***** Source material
lemma deriv_span_raise:
  assumes "p \<in> deriv_span \<alpha> d"
  shows "(\<lambda>n. of_nat n * p (n - 1)) \<in> deriv_span \<alpha> (Suc d)"
proof -
  obtain q where q: "p = (\<lambda>n. \<Sum>k\<le>d. q k * pow_deriv \<alpha> k n)"
    using assms by (rule deriv_spanE)
  have "(\<lambda>n. of_nat n * p (n - 1)) = (\<lambda>n. \<Sum>k\<le>d. q k * pow_deriv \<alpha> (Suc k) n)"
  proof
    fix n show "of_nat n * p (n - 1) = (\<Sum>k\<le>d. q k * pow_deriv \<alpha> (Suc k) n)"
      by (cases n)
        (simp_all add: q pow_deriv_def[of _ "Suc _" 0] pow_deriv_Suc_Suc sum_distrib_left algebra_simps)
  qed
  also have "\<dots> \<in> deriv_span \<alpha> (Suc d)"
    by (intro deriv_span_sum deriv_span_scale pow_deriv_in_deriv_span) auto
  finally show ?thesis .
qed

lemma deriv_span_bound:
  fixes \<alpha> :: complex
  assumes "p \<in> deriv_span \<alpha> d"
  obtains C where "C \<ge> 0" "\<And>n. cmod (p n) \<le> C * (cmod \<alpha> + 1) ^ n"
proof -
  obtain q where q: "p = (\<lambda>n. \<Sum>k\<le>d. q k * pow_deriv \<alpha> k n)"
    using assms by (rule deriv_spanE)
  define C where "C = (\<Sum>k\<le>d. cmod (q k) * fact k)"
  have "cmod (p n) \<le> (\<Sum>k\<le>d. cmod (q k) * (fact k * (cmod \<alpha> + 1) ^ n))" for n
    unfolding q
    by (intro order_trans[OF norm_sum] sum_mono)
       (auto simp: norm_mult intro!: mult_left_mono norm_pow_deriv_le)
  then have "cmod (p n) \<le> C * (cmod \<alpha> + 1) ^ n" for n
    by (simp add: C_def sum_distrib_right mult.assoc)
  moreover have "C \<ge> 0" unfolding C_def by (intro sum_nonneg) auto
  ultimately show thesis using that by blast
qed
lemma quotient_limit_from_left:
  assumes p: "expansion_matrix m p" and e: "digit_seq m e" and max: "\<And>l. l > N \<Longrightarrow> e l = m l"
    and pm: "\<And>k. k \<ge> 1 \<Longrightarrow> p (m k) k > 0"
    and Lm: "(\<lambda>K. \<Prod>k=1..K. p (m k) k / q (m k) k) \<longlonglongrightarrow> Lm" "Lm \<noteq> 0"
  obtains z L where "\<And>k. z k \<in> {0..1} - {DeltaQ q e}" "z \<longlonglongrightarrow> DeltaQ q e"
    "(\<lambda>k. (FF m q p (z k) - FF m q p (DeltaQ q e)) / (z k - DeltaQ q e)) \<longlonglongrightarrow> L"
    "sgn L = sgn (digit_prod (\<lambda>i n. p i n / q i n) e 0 N)"
proof -
  define ez where "ez k = (\<lambda>j. if j \<le> N+k then e j else 0)" for k
  define z where "z k = DeltaQ q (ez k)" for k
  have ez: "digit_seq m (ez k)" for k using e unfolding ez_def digit_seq_def by auto
  have dq: "DeltaQ q e - z k = digit_prod q e 0 (N+k)" for k
    unfolding z_def ez_def by (rule DeltaQ_lower_max_tail[OF expansion e]) (simp add: max)
  have dp: "FF m q p (DeltaQ q e) - FF m q p (z k) = digit_prod p e 0 (N+k)" for k
    unfolding z_def FF_DeltaQ[OF p ez] FF_DeltaQ[OF p e] unfolding ez_def
    by (rule DeltaQ_lower_max_tail[OF p e]) (simp add: max)
  have quotient: "(FF m q p (z k) - FF m q p (DeltaQ q e)) / (z k - DeltaQ q e)
      = digit_prod (\<lambda>i n. p i n / q i n) e 0 (N+k)" for k
  proof -
    have "FF m q p (z k) - FF m q p (DeltaQ q e) = - digit_prod p e 0 (N+k)"
      "z k - DeltaQ q e = - digit_prod q e 0 (N+k)"
      using dp[of k] dq[of k] by linarith+
    then show ?thesis by (simp add: digit_prod_divide)
  qed
  obtain L where L: "(\<lambda>k. digit_prod (\<lambda>i n. p i n / q i n) e 0 (N+k)) \<longlonglongrightarrow> L"
    "sgn L = sgn (digit_prod (\<lambda>i n. p i n / q i n) e 0 N)"
    by (rule digit_prod_tail_tendsto_same_sign[of N e m])
      (use max pm pos Lm in \<open>simp_all add: digit_prod_from_0\<close>)
  have range: "z k \<in> {0..1} - {DeltaQ q e}" for k
    using DeltaQ_bounds[OF expansion ez[of k]] dq[of k] digit_prod_q_pos[OF e, of 0 "N+k"]
    unfolding z_def by auto
  have conv: "z \<longlonglongrightarrow> DeltaQ q e"
  proof -
    have "(\<lambda>k. DeltaQ q e - digit_prod q e 0 (k+N)) \<longlonglongrightarrow> DeltaQ q e - 0"
      using LIMSEQ_ignore_initial_segment[OF expansion_matrixD(5)[OF expansion e], of N]
      by (intro tendsto_diff tendsto_const)
    moreover have "z = (\<lambda>k. DeltaQ q e - digit_prod q e 0 (k+N))"
    proof
      fix k show "z k = DeltaQ q e - digit_prod q e 0 (k+N)"
        using dq[of k] by (simp only: add.commute[of k N])
    qed
    ultimately show ?thesis by simp
  qed
  show ?thesis using that[OF range conv _ L(2)] L(1) by (simp add: quotient)
qed

end

lemma (in positive_expansion) no_derivative_at_rational_point:
  assumes p: "expansion_matrix m p" and c: "digit_seq m c" and N: "N \<ge> 1" and E: "1 \<le> E" "E \<le> m N"
    and sign_change: "p E N * p (E - 1) N < 0"
    and p0: "\<And>k. k \<ge> 1 \<Longrightarrow> p 0 k > 0" and pm: "\<And>k. k \<ge> 1 \<Longrightarrow> p (m k) k > 0"
    and L0: "(\<lambda>K. \<Prod>k=1..K. p 0 k / q 0 k) \<longlonglongrightarrow> L0" "L0 \<noteq> 0"
    and Lm: "(\<lambda>K. \<Prod>k=1..K. p (m k) k / q (m k) k) \<longlonglongrightarrow> Lm" "Lm \<noteq> 0"
  shows "\<not> (\<exists>D. (FF m q p has_real_derivative D) (at (DeltaQ q (zeros_after c N E)) within {0..1}))
    \<and> \<not> has_infinite_derivative (FF m q p) (DeltaQ q (zeros_after c N E)) {0..1}"
proof -
  define e where "e = zeros_after c N E"
  define e' where "e' = maxima_after m c N E"
  define r where "r = (\<lambda>i n. p i n / q i n)"
  obtain J where NJ: "N = Suc J" using N not0_implies_Suc by fastforce
  have e: "digit_seq m e" and e': "digit_seq m e'"
    unfolding e_def e'_def using digit_seq_zeros_after digit_seq_maxima_after c E by auto
  have zeros: "\<And>l. l > N \<Longrightarrow> e l = 0" and maxima: "\<And>l. l > N \<Longrightarrow> e' l = m l"
    by (simp_all add: e_def e'_def zeros_after_def maxima_after_def)
  have same_point: "DeltaQ q e' = DeltaQ q e"
    unfolding e_def e'_def using DeltaQ_zeros_after_eq_maxima_after[OF expansion c N E] by simp
  obtain y R where y: "\<And>k. y k \<in> {0..1} - {DeltaQ q e}" "y \<longlonglongrightarrow> DeltaQ q e"
    and R: "(\<lambda>k. (FF m q p (y k) - FF m q p (DeltaQ q e)) / (y k - DeltaQ q e)) \<longlonglongrightarrow> R"
      "sgn R = sgn (digit_prod r e 0 N)"
    using quotient_limit_from_right[OF p e zeros p0 L0] unfolding r_def by blast
  obtain z L where z: "\<And>k. z k \<in> {0..1} - {DeltaQ q e}" "z \<longlonglongrightarrow> DeltaQ q e"
    and L: "(\<lambda>k. (FF m q p (z k) - FF m q p (DeltaQ q e)) / (z k - DeltaQ q e)) \<longlonglongrightarrow> L"
      "sgn L = sgn (digit_prod r e' 0 N)"
    using quotient_limit_from_left[OF p e' maxima pm Lm] unfolding r_def same_point by blast
  have "digit_prod r e 0 J \<noteq> 0"
    by (rule digit_prod_nonzero) (use expansion_matrixD(4)[OF p] pos digit_seqD[OF e] in
        \<open>fastforce simp: r_def\<close>)
  moreover have "r E N * r (E - 1) N < 0"
    using sign_change pos[OF N, of E] pos[OF N, of "E - 1"] E
    by (simp add: r_def mult_neg_pos divide_neg_pos)
  moreover have "digit_prod r e 0 N * digit_prod r e' 0 N = (digit_prod r e 0 J)\<^sup>2 * (r E N * r (E - 1) N)"
    using digit_prod_mult_common_prefix[of J e e' r]
    by (simp add: NJ e_def e'_def zeros_after_def maxima_after_def)
  ultimately have "digit_prod r e 0 N * digit_prod r e' 0 N < 0"
    by (simp add: mult_pos_neg)
  then have "R \<noteq> L" using R(2) L(2) by (auto simp: sgn_if mult_less_0_iff split: if_splits)
  then show ?thesis
    using no_derivative_if_quotient_limits_differ[OF y z R(1) L(1)] unfolding e_def by blast
qed
text \<open>
  The factor pairs \<open>(d\<^sub>1, d\<^sub>2)\<close> left out below are excluded by the Legendre symbol at
  one of \<open>q\<close>, \<open>r\<close>, \<open>s\<close>.
\<close>

lemma split_qrs_residue:
  assumes "e = 1" "(d1, d2) \<in> factor_pairs (int q * int r * int s)" "d1 * u\<^sup>2 - d2 * v\<^sup>2 = k"
    "k = 1 \<and> d1 \<noteq> 1 \<or> k = 2"
  shows "k = 1 \<and> (d1, d2) \<in> {(int r, int q * int s), (int s, int q * int r), (int r * int s, int q)}"
  using factor_pairs_three_primes[OF int_primes(1-3) assms(2)] assms(4)
  by (elim insertE emptyE disjE conjE)
    (use assms(1) Legendre_obstruction_qrs[OF assms(3), of q] Legendre_obstruction_qrs[OF assms(3), of r]
      Legendre_obstruction_qrs[OF assms(3), of s]
      in \<open>simp_all add: Legendre_simps prime_dvd_mult_iff int_primes primes_not_dvd\<close>)

lemma split_qrs_nonresidue:
  assumes "e = -1" "(d1, d2) \<in> factor_pairs (int q * int r * int s)" "d1 * u\<^sup>2 - d2 * v\<^sup>2 = k"
    "k = 1 \<and> d1 \<noteq> 1 \<or> k = 2"
  shows "k = 2 \<and> (d1, d2) \<in> {(int q, int r * int s), (int r * int s, int q)}"
  using factor_pairs_three_primes[OF int_primes(1-3) assms(2)] assms(4)
  by (elim insertE emptyE disjE conjE)
    (use assms(1) Legendre_obstruction_qrs[OF assms(3), of q] Legendre_obstruction_qrs[OF assms(3), of r]
      Legendre_obstruction_qrs[OF assms(3), of s]
      in \<open>simp_all add: Legendre_simps prime_dvd_mult_iff int_primes primes_not_dvd\<close>)

lemma split_2qrs_residue:
  assumes "e = 1" "(d1, d2) \<in> factor_pairs (2 * int q * int r * int s)" "d1 * u\<^sup>2 - d2 * v\<^sup>2 = 1"
    "d1 \<noteq> 1"
  shows "(d1, d2) \<in> {(int q, 2 * (int r * int s)), (2 * (int r * int s), int q)}"
proof -
  obtain a b where "(a, b) \<in> factor_pairs (int q * int r * int s)" "(d1, d2) = (2 * a, b) \<or> (d1, d2) = (a, 2 * b)"
    using factor_pairs_2qrs[OF assms(2)] .
  from factor_pairs_three_primes[OF int_primes(1-3) this(1)] this(2) show ?thesis
    by (elim insertE emptyE disjE)
      (use assms(1,4) Legendre_obstruction_qrs[OF assms(3), of q] Legendre_obstruction_qrs[OF assms(3), of r]
        Legendre_obstruction_qrs[OF assms(3), of s]
        in \<open>simp_all add: Legendre_simps prime_dvd_mult_iff int_primes primes_not_dvd\<close>)
qed
(* Let $q$ be a prime power, $m\ge1$, $1\le k\le n$, $g_1,\dots,g_n\in\mathbb{F}_{q^m}$ linearly independent over $\mathbb{F}_q$, $\mathbf g=(g_1,\dots,g_n)$, $\mathbf r=(r_1,\dots,r_n)\in\mathbb{F}_{q^m}^n$. Then Algorithm 3 (described in the context) yields a minimal basis of the interpolation module $\mathfrak M(\mathbf r)$ with respect to the $(0,k-1)$-weighted term-over-position order, where the leading position of the first row is $1$ and the leading position of the second row is $2$.
   Context: Write $[i]:=q^i$. A $q$-linearized polynomial is $f(x)=\sum_{i=0}^{d}a_ix^{[i]}$, $a_i\in\mathbb{F}_{q^m}$; if $a_d\ne0$, $d=\mathrm{qdeg}(f)$ ($\mathrm{qdeg}(0)=-\infty$). $\mathcal{L}_q(x,q^m)$ is the ring of these under addition and composition $\circ$. $\Pi_{\mathbf g}(x)=\prod_{u\in\langle g_1,\dots,g_n\rangle}(x-u)$ ($\mathbb{F}_q$-span), of $q$-degree $n$ in $\mathcal{L}_q(x,q^m)$. $\Lambda_{\mathbf g,\mathbf r}(x)=\sum_{i=1}^n(-1)^{n-i}r_i\det(\mathfrak D_i(\mathbf g,x))/\det(M_n(g_1,\dots,g_n))$ ($M_n(v_1,\dots,v_s)$ the $n\times s$ matrix with $(j,l)$ entry $v_l^{[j-1]}$; $\mathfrak D_i(\mathbf g,x)$ is $M_n(g_1,\dots,g_n,x)$ without the $i$-th column), in $\mathcal{L}_q(x,q^m)$ with $\Lambda_{\mathbf g,\mathbf r}(g_i)=r_i$. $\mathcal{L}_q(x,q^m)^2$ is a left module via $h\circ[f_1\ f_2]=[h\circ f_1\ \ h\circ f_2]$; $\mathfrak M(\mathbf r)$ is the set of all $\beta\circ[\Pi_{\mathbf g}\ \ 0]+\gamma\circ[-\Lambda_{\mathbf g,\mathbf r}\ \ x]$, $\beta,\gamma\in\mathcal{L}_q(x,q^m)$. Monomials are $x^{[i]}e_j$, $j\in\{1,2\}$. $(0,k-1)$-weighted term-over-position order: with $w_1=0,w_2=k-1$, $x^{[i_1]}e_{j_1}<x^{[i_2]}e_{j_2}$ iff $i_1+w_{j_1}<i_2+w_{j_2}$ or (equality and $j_1<j_2$). $\mathrm{lm}(f)$, $\mathrm{lt}(f)$, $\mathrm{lpos}(f)$: the largest monomial of nonzero $f$, that term with its coefficient, and its coordinate. A basis is a linearly independent generating set ($\sum a_i\circ f^{(i)}=0\Rightarrow a_i=0$). $f$ reduces modulo a set $F$ of nonzero elements in one step if $h=f-\sum_i(b_ix^{[a_i]})\circ f^{(i)}$ for some $f^{(i)}\in F$, $b_i\in\mathbb{F}_{q^m}$, $a_i\ge0$ with $\mathrm{lm}(f)=x^{[a_i]}\circ\mathrm{lm}(f^{(i)})$ and $\mathrm{lt}(f)=\sum_i(b_ix^{[a_i]})\circ\mathrm{lt}(f^{(i)})$; $f$ is minimal w.r.t. $F$ if it cannot be reduced modulo $F$; a basis $B$ is minimal if each $b\in B$ is minimal w.r.t. $B\setminus\{b\}$. Matrix composition of $2\times2$ matrices over $\mathcal{L}_q(x,q^m)$ is defined like matrix multiplication with products replaced by composition. Algorithm 3 (input $k,\mathbf g,\mathbf r$): $B_0=\begin{bmatrix}x&0\\0&x\end{bmatrix}$; writing $B_i=\begin{bmatrix}P_i&-K_i\\N_i&-D_i\end{bmatrix}$, for $i=1,\dots,n$: $\Gamma_i:=P_{i-1}(g_i)-K_{i-1}(r_i)$, $\Delta_i:=N_{i-1}(g_i)-D_{i-1}(r_i)$; if [$\mathrm{qdeg}(P_{i-1})\le\mathrm{qdeg}(D_{i-1})+k-1$ and $\Gamma_i\ne0$] or $\Delta_i=0$, then $B_i:=\begin{bmatrix}x^q-\Gamma_i^{q-1}x&0\\\Delta_ix&-\Gamma_ix\end{bmatrix}\circ B_{i-1}$; else $B_i:=\begin{bmatrix}\Delta_ix&-\Gamma_ix\\0&x^q-\Delta_i^{q-1}x\end{bmatrix}\circ B_{i-1}$. Return $B_n$ (its two rows). *)

theory Defs
  imports "Jordan_Normal_Form.Determinant" "HOL-Computational_Algebra.Polynomial"
    "HOL-Library.Extended_Real"
begin

(* Linearized polynomials are
   ordinary polynomials in 'a poly all of whose monomials are of the form x^(q^i);
   composition is pcompose, evaluation is poly. *)

definition Fq :: "nat \<Rightarrow> 'a::field set" where
  "Fq q = {x. x ^ q = x}"

definition is_linearized :: "nat \<Rightarrow> 'a::field poly \<Rightarrow> bool" where
  "is_linearized q f \<longleftrightarrow> (\<forall>i. coeff f i \<noteq> 0 \<longrightarrow> (\<exists>j. i = q ^ j))"

definition qdegn :: "nat \<Rightarrow> 'a::field poly \<Rightarrow> nat" where
  "qdegn q f = Max {i. coeff f (q ^ i) \<noteq> 0}"

definition qdeg :: "nat \<Rightarrow> 'a::field poly \<Rightarrow> ereal" where
  "qdeg q f = (if f = 0 then -\<infinity> else ereal (real (qdegn q f)))"

definition Fq_lin_indep :: "nat \<Rightarrow> 'a::field list \<Rightarrow> bool" where
  "Fq_lin_indep q g \<longleftrightarrow>
     (\<forall>c. (\<forall>i<length g. c i \<in> Fq q) \<longrightarrow> (\<Sum>i<length g. c i * g ! i) = 0
          \<longrightarrow> (\<forall>i<length g. c i = 0))"

definition Fq_span :: "nat \<Rightarrow> 'a::field list \<Rightarrow> 'a set" where
  "Fq_span q g = {(\<Sum>i<length g. c i * g ! i) | c. \<forall>i<length g. c i \<in> Fq q}"

definition Pi_g :: "nat \<Rightarrow> 'a::field list \<Rightarrow> 'a poly" where
  "Pi_g q g = (\<Prod>u\<in>Fq_span q g. [:- u, 1:])"

(* M_n(g_1,...,g_n): (j,l) entry g_l^[j-1]  (0-based here) *)
definition Mn :: "nat \<Rightarrow> 'a::field list \<Rightarrow> 'a mat" where
  "Mn q g = mat (length g) (length g) (\<lambda>(j,l). (g ! l) ^ (q ^ j))"

(* \<frak>D_i(g,x): M_n(g_1,...,g_n,x) with the column of index i (0-based) removed,
   entries are polynomials *)
definition Dmat :: "nat \<Rightarrow> 'a::field list \<Rightarrow> nat \<Rightarrow> 'a poly mat" where
  "Dmat q g i =
     (let cols = map (\<lambda>c. [:c:]) g @ [[:0, 1:]];
          cols' = take i cols @ drop (Suc i) cols
      in mat (length g) (length g) (\<lambda>(j,l). (cols' ! l) ^ (q ^ j)))"

definition Lambda_gr :: "nat \<Rightarrow> 'a::field list \<Rightarrow> 'a list \<Rightarrow> 'a poly" where
  "Lambda_gr q g r =
     smult (inverse (det (Mn q g)))
       (\<Sum>i<length g. smult ((-1) ^ (length g - 1 - i) * r ! i) (det (Dmat q g i)))"

(* elements of L_q(x,q^m)^2 as pairs; left action by composition *)
type_synonym 'a vec2 = "'a poly \<times> 'a poly"

definition vcomp :: "'a::field poly \<Rightarrow> 'a vec2 \<Rightarrow> 'a vec2" where
  "vcomp h f = (pcompose h (fst f), pcompose h (snd f))"

definition vadd :: "'a::field vec2 \<Rightarrow> 'a vec2 \<Rightarrow> 'a vec2" where
  "vadd f h = (fst f + fst h, snd f + snd h)"

definition interp_module :: "nat \<Rightarrow> 'a::field list \<Rightarrow> 'a list \<Rightarrow> 'a vec2 set" where
  "interp_module q g r =
     {vadd (vcomp \<beta> (Pi_g q g, 0)) (vcomp \<gamma> (- Lambda_gr q g r, [:0, 1:])) | \<beta> \<gamma>.
        is_linearized q \<beta> \<and> is_linearized q \<gamma>}"

definition wdeg :: "nat \<Rightarrow> nat \<Rightarrow> 'a::field vec2 \<Rightarrow> nat \<Rightarrow> ereal" where
  "wdeg q k f j = (if j = 1 then qdeg q (fst f) else qdeg q (snd f) + ereal (real k - 1))"

definition lpos :: "nat \<Rightarrow> nat \<Rightarrow> 'a::field vec2 \<Rightarrow> nat" where
  "lpos q k f = (if wdeg q k f 1 \<le> wdeg q k f 2 then 2 else 1)"

definition comp_at :: "'a::field vec2 \<Rightarrow> nat \<Rightarrow> 'a poly" where
  "comp_at f j = (if j = 1 then fst f else snd f)"

definition unit_vec :: "nat \<Rightarrow> 'a::field poly \<Rightarrow> 'a vec2" where
  "unit_vec j p = (if j = 1 then (p, 0) else (0, p))"

definition lm :: "nat \<Rightarrow> nat \<Rightarrow> 'a::field vec2 \<Rightarrow> 'a vec2" where
  "lm q k f = (let j = lpos q k f in unit_vec j (monom 1 (q ^ qdegn q (comp_at f j))))"

definition lt :: "nat \<Rightarrow> nat \<Rightarrow> 'a::field vec2 \<Rightarrow> 'a vec2" where
  "lt q k f = (let j = lpos q k f; d = qdegn q (comp_at f j)
               in unit_vec j (monom (coeff (comp_at f j) (q ^ d)) (q ^ d)))"

definition vsum :: "'a::field vec2 list \<Rightarrow> 'a vec2" where
  "vsum xs = foldr vadd xs (0, 0)"

definition reducible :: "nat \<Rightarrow> nat \<Rightarrow> 'a::field vec2 \<Rightarrow> 'a vec2 set \<Rightarrow> bool" where
  "reducible q k f F \<longleftrightarrow>
     (\<exists>ts :: ('a vec2 \<times> 'a \<times> nat) list.
        (\<forall>(h, b, a) \<in> set ts. h \<in> F \<and> lm q k f = vcomp (monom 1 (q ^ a)) (lm q k h))
      \<and> lt q k f = vsum (map (\<lambda>(h, b, a). vcomp (monom b (q ^ a)) (lt q k h)) ts))"

definition minimal_wrt :: "nat \<Rightarrow> nat \<Rightarrow> 'a::field vec2 \<Rightarrow> 'a vec2 set \<Rightarrow> bool" where
  "minimal_wrt q k f F \<longleftrightarrow> \<not> reducible q k f F"

definition is_basis :: "nat \<Rightarrow> 'a::field vec2 set \<Rightarrow> 'a vec2 set \<Rightarrow> bool" where
  "is_basis q M B \<longleftrightarrow> finite B \<and>
     M = {vsum (map (\<lambda>b. vcomp (a b) b) bs) | a bs. set bs = B \<and> distinct bs
              \<and> (\<forall>b\<in>B. is_linearized q (a b))} \<and>
     (\<forall>a bs. set bs = B \<and> distinct bs \<and> (\<forall>b\<in>B. is_linearized q (a b))
        \<longrightarrow> vsum (map (\<lambda>b. vcomp (a b) b) bs) = (0, 0) \<longrightarrow> (\<forall>b\<in>B. a b = 0))"

definition minimal_basis :: "nat \<Rightarrow> nat \<Rightarrow> 'a::field vec2 set \<Rightarrow> 'a vec2 set \<Rightarrow> bool" where
  "minimal_basis q k M B \<longleftrightarrow> is_basis q M B \<and> (0, 0) \<notin> B \<and>
     (\<forall>b\<in>B. minimal_wrt q k b (B - {b}))"

(* 2x2 matrices over L_q as quadruples (b11, b12, b21, b22); matrix composition *)
type_synonym 'a mat2 = "'a poly \<times> 'a poly \<times> 'a poly \<times> 'a poly"
lemma xlayer_misses_value:
  assumes "finite C" "xlayer_card C a < q"
  obtains t where "t \<in> {1..q}" "\<And>c. c \<in> C \<Longrightarrow> fst c = a \<Longrightarrow> g c \<noteq> t"
proof -
  have "finite {c \<in> C. fst c = a}"
    using assms(1) by simp
  then have "card (g ` {c \<in> C. fst c = a}) < q"
    using card_image_le[of "{c \<in> C. fst c = a}" g] assms(2) by (simp add: xlayer_card_def)
  then obtain t where t: "t \<in> {1..q}" "t \<notin> g ` {c \<in> C. fst c = a}"
    using ex_in_atLeastAtMost_notin[OF finite_imageI[OF \<open>finite {c \<in> C. fst c = a}\<close>]] by blast
  show ?thesis
  proof (rule that[OF t(1)])
    fix c assume "c \<in> C" "fst c = a"
    with t(2) show "g c \<noteq> t" by blast
  qed
qed

lemma sum_xlayer_card:
  assumes "C \<subseteq> Kq3_vertices q"
  shows "(\<Sum>a\<in>{1..q}. xlayer_card C a) = card C"
  unfolding xlayer_card_def
  by (rule card_eq_sum_card_fibres[symmetric]) (use assms finite_subset[OF assms] in \<open>auto simp: Kq3_vertices_def\<close>)

(* Subtraction on nat truncates, so the two sums are the total deficit and the total excess of
   the planes x = a relative to q. *)
lemma card_add_xdeficit:
  assumes "C \<subseteq> Kq3_vertices q"
  shows "card C + (\<Sum>a\<in>{1..q}. q - xlayer_card C a) = q^2 + (\<Sum>a\<in>{1..q}. xlayer_card C a - q)"
proof -
  have "card C + (\<Sum>a\<in>{1..q}. q - xlayer_card C a)
      = (\<Sum>a\<in>{1..q}. xlayer_card C a + (q - xlayer_card C a))"
    by (simp only: sum.distrib sum_xlayer_card[OF assms])
  also have "\<dots> = (\<Sum>a\<in>{1..q}. q + (xlayer_card C a - q))"
    by (rule sum.cong) auto
  also have "\<dots> = q^2 + (\<Sum>a\<in>{1..q}. xlayer_card C a - q)"
    by (simp add: sum.distrib power2_eq_square)
  finally show ?thesis .
qed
**********
(Task prompt) Each line from the first line of the listing through the line containing "(simp_all add: q" must be set down exactly; no other line belongs in the answer.

(Finished task)
lemma deriv_span_raise:
  assumes "p \<in> deriv_span \<alpha> d"
  shows "(\<lambda>n. of_nat n * p (n - 1)) \<in> deriv_span \<alpha> (Suc d)"
proof -
  obtain q where q: "p = (\<lambda>n. \<Sum>k\<le>d. q k * pow_deriv \<alpha> k n)"
    using assms by (rule deriv_spanE)
  have "(\<lambda>n. of_nat n * p (n - 1)) = (\<lambda>n. \<Sum>k\<le>d. q k * pow_deriv \<alpha> (Suc k) n)"
  proof
    fix n show "of_nat n * p (n - 1) = (\<Sum>k\<le>d. q k * pow_deriv \<alpha> (Suc k) n)"
      by (cases n)
        (simp_all add: q pow_deriv_def[of _ "Suc _" 0] pow_deriv_Suc_Suc sum_distrib_left algebra_simps)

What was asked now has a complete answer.